[Stored data]
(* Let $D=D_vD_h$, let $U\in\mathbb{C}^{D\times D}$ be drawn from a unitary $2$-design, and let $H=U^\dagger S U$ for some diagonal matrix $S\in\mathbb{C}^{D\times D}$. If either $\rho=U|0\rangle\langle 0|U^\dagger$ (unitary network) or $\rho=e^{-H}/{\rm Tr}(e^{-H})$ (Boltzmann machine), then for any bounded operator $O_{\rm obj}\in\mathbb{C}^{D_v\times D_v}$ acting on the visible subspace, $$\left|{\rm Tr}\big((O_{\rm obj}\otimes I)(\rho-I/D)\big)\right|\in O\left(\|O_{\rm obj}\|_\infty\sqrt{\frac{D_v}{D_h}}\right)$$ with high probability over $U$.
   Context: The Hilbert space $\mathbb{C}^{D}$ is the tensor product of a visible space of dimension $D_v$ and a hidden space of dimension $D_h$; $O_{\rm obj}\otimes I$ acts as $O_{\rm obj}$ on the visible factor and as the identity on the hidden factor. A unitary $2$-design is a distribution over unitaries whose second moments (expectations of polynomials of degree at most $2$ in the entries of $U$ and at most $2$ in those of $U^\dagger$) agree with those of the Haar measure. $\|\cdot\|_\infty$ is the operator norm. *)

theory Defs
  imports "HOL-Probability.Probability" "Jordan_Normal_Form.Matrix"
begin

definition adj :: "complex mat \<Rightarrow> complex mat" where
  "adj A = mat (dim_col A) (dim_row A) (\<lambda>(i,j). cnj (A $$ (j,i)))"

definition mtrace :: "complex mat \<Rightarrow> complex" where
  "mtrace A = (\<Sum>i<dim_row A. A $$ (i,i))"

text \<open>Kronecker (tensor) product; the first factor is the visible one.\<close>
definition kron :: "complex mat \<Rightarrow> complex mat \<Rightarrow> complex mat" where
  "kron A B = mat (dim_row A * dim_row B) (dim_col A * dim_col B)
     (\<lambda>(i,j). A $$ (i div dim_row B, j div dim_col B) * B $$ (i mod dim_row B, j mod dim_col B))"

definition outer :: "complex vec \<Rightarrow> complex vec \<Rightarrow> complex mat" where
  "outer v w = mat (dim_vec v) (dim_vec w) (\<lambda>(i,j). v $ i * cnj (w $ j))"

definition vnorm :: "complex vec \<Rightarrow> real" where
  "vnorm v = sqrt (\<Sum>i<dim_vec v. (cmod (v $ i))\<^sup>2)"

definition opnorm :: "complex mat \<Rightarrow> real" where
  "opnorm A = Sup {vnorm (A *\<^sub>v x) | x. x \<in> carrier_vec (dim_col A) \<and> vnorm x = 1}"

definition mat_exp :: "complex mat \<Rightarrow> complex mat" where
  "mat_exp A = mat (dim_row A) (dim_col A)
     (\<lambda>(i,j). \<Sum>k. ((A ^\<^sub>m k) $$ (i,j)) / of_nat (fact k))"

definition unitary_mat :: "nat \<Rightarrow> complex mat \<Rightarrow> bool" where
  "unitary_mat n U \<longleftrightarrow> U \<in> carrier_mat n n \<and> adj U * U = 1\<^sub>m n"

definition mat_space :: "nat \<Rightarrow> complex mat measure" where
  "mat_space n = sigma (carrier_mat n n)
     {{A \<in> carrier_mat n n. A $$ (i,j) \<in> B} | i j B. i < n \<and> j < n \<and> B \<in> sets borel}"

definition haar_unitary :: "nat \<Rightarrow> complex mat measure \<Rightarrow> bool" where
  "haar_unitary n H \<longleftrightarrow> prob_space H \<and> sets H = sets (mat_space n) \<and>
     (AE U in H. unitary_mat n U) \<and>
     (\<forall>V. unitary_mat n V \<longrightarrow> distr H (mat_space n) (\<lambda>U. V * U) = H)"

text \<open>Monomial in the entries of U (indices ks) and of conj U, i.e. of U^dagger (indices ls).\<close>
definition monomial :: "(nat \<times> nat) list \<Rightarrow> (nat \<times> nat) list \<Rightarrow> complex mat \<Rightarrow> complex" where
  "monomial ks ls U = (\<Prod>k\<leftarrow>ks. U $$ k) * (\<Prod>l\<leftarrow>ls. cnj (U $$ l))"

EXERCISE PROMPT => Restate exactly each line of the data from the one bearing "carrier_mat n n." to the end, and add nothing.

EXERCISE ANSWER =>
     {{A \<in> carrier_mat n n. A $$ (i,j) \<in> B} | i j B. i < n \<and> j < n \<and> B \<in> sets borel}"

definition haar_unitary :: "nat \<Rightarrow> complex mat measure \<Rightarrow> bool" where
  "haar_unitary n H \<longleftrightarrow> prob_space H \<and> sets H = sets (mat_space n) \<and>
     (AE U in H. unitary_mat n U) \<and>
     (\<forall>V. unitary_mat n V \<longrightarrow> distr H (mat_space n) (\<lambda>U. V * U) = H)"

text \<open>Monomial in the entries of U (indices ks) and of conj U, i.e. of U^dagger (indices ls).\<close>
definition monomial :: "(nat \<times> nat) list \<Rightarrow> (nat \<times> nat) list \<Rightarrow> complex mat \<Rightarrow> complex" where
  "monomial ks ls U = (\<Prod>k\<leftarrow>ks. U $$ k) * (\<Prod>l\<leftarrow>ls. cnj (U $$ l))"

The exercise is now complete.